**Task description:**
Compute how many lines in the data below hold the word "assumes", then report that number with nothing else.

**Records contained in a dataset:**

lemma abs_continuous_on_dominated:
  assumes g: "abs_continuous_on a b g" and h: "abs_continuous_on a b h" and "C \<ge> 0"
    and dom: "\<And>l r. a \<le> l \<Longrightarrow> l \<le> r \<Longrightarrow> r \<le> b \<Longrightarrow> \<bar>F r - F l\<bar> \<le> C * (\<bar>g r - g l\<bar> + \<bar>h r - h l\<bar>)"
  shows "abs_continuous_on a b F"
proof (rule abs_continuous_onI)
  fix \<epsilon> :: real assume "\<epsilon> > 0"
  define \<epsilon>' where "\<epsilon>' = \<epsilon> / (2 * (C + 1))"
  have "\<epsilon>' > 0" using \<open>\<epsilon> > 0\<close> \<open>C \<ge> 0\<close> by (simp add: \<epsilon>'_def)
  obtain \<delta>1 where "\<delta>1 > 0" and \<delta>1: "\<And>n l r. nonoverlapping_intervals a b n l r \<Longrightarrow>
      (\<Sum>i<n. r i - l i) < \<delta>1 \<Longrightarrow> (\<Sum>i<n. \<bar>g (r i) - g (l i)\<bar>) < \<epsilon>'"
    using abs_continuous_onE[OF g \<open>\<epsilon>' > 0\<close>] by blast
  obtain \<delta>2 where "\<delta>2 > 0" and \<delta>2: "\<And>n l r. nonoverlapping_intervals a b n l r \<Longrightarrow>
      (\<Sum>i<n. r i - l i) < \<delta>2 \<Longrightarrow> (\<Sum>i<n. \<bar>h (r i) - h (l i)\<bar>) < \<epsilon>'"
    using abs_continuous_onE[OF h \<open>\<epsilon>' > 0\<close>] by blast
  have "(\<Sum>i<n. \<bar>F (r i) - F (l i)\<bar>) < \<epsilon>"
    if I: "nonoverlapping_intervals a b n l r" and len: "(\<Sum>i<n. r i - l i) < min \<delta>1 \<delta>2" for n l r
  proof -
    have "(\<Sum>i<n. \<bar>F (r i) - F (l i)\<bar>) \<le> (\<Sum>i<n. C * (\<bar>g (r i) - g (l i)\<bar> + \<bar>h (r i) - h (l i)\<bar>))"
      using I by (intro sum_mono dom) (auto simp: nonoverlapping_intervals_def)
    also have "\<dots> = C * ((\<Sum>i<n. \<bar>g (r i) - g (l i)\<bar>) + (\<Sum>i<n. \<bar>h (r i) - h (l i)\<bar>))"
      by (simp add: sum_distrib_left sum.distrib distrib_left)
    also have "\<dots> \<le> C * (2 * \<epsilon>')"
      using \<delta>1[OF I] \<delta>2[OF I] len \<open>C \<ge> 0\<close> by (intro mult_left_mono) auto
    also have "\<dots> < \<epsilon>"
      using \<open>C \<ge> 0\<close> \<open>\<epsilon> > 0\<close> by (simp add: \<epsilon>'_def field_simps)
    finally show ?thesis .
  qed
  then show "\<exists>\<delta>>0. \<forall>n l r. nonoverlapping_intervals a b n l r \<and> (\<Sum>i<n. r i - l i) < \<delta>
             \<longrightarrow> (\<Sum>i<n. \<bar>F (r i) - F (l i)\<bar>) < \<epsilon>"
    using \<open>\<delta>1 > 0\<close> \<open>\<delta>2 > 0\<close> by (intro exI[of _ "min \<delta>1 \<delta>2"]) auto
qed

lemma abs_continuous_on_lipschitz:
  assumes "\<And>x y. a \<le> x \<Longrightarrow> x \<le> y \<Longrightarrow> y \<le> b \<Longrightarrow> \<bar>g y - g x\<bar> \<le> M * (y - x)"
  shows "abs_continuous_on a b g"
proof (rule abs_continuous_on_dominated[OF abs_continuous_on_id abs_continuous_on_id, where C = "\<bar>M\<bar>"])
  fix l r assume "a \<le> l" "l \<le> r" "r \<le> b"
  then have "\<bar>g r - g l\<bar> \<le> M * (r - l)" using assms by blast
  also have "\<dots> \<le> \<bar>M\<bar> * (r - l)"
    using \<open>l \<le> r\<close> by (intro mult_right_mono) auto
  also have "\<dots> \<le> \<bar>M\<bar> * (\<bar>r - l\<bar> + \<bar>r - l\<bar>)"
    using \<open>l \<le> r\<close> by (intro mult_left_mono) auto
  finally show "\<bar>g r - g l\<bar> \<le> \<bar>M\<bar> * (\<bar>r - l\<bar> + \<bar>r - l\<bar>)" .
qed simp

lemma abs_continuous_on_lincomb:
  assumes "abs_continuous_on a b g" "abs_continuous_on a b h"
  shows "abs_continuous_on a b (\<lambda>x. \<alpha> * g x + \<beta> * h x)"
proof (rule abs_continuous_on_dominated[OF assms, where C = "\<bar>\<alpha>\<bar> + \<bar>\<beta>\<bar>"])
  fix l r :: real
  have "\<alpha> * g r + \<beta> * h r - (\<alpha> * g l + \<beta> * h l) = \<alpha> * (g r - g l) + \<beta> * (h r - h l)"
    by (simp add: algebra_simps)
  then have "\<bar>\<alpha> * g r + \<beta> * h r - (\<alpha> * g l + \<beta> * h l)\<bar> \<le> \<bar>\<alpha>\<bar> * \<bar>g r - g l\<bar> + \<bar>\<beta>\<bar> * \<bar>h r - h l\<bar>"
    by (metis abs_mult abs_triangle_ineq)
  also have "\<dots> \<le> (\<bar>\<alpha>\<bar> + \<bar>\<beta>\<bar>) * (\<bar>g r - g l\<bar> + \<bar>h r - h l\<bar>)"
    by (simp add: algebra_simps)
  finally show "\<bar>\<alpha> * g r + \<beta> * h r - (\<alpha> * g l + \<beta> * h l)\<bar> \<le> (\<bar>\<alpha>\<bar> + \<bar>\<beta>\<bar>) * (\<bar>g r - g l\<bar> + \<bar>h r - h l\<bar>)" .
qed simp

lemma continuous_on_Icc_abs_bound:
  fixes g :: "real \<Rightarrow> real"
  assumes "continuous_on {a..b} g"
  obtains M where "\<And>x. x \<in> {a..b} \<Longrightarrow> \<bar>g x\<bar> \<le> M"
  using compact_imp_bounded[OF compact_continuous_image[OF assms compact_Icc]]
  unfolding bounded_iff by fastforce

**Task response:**
4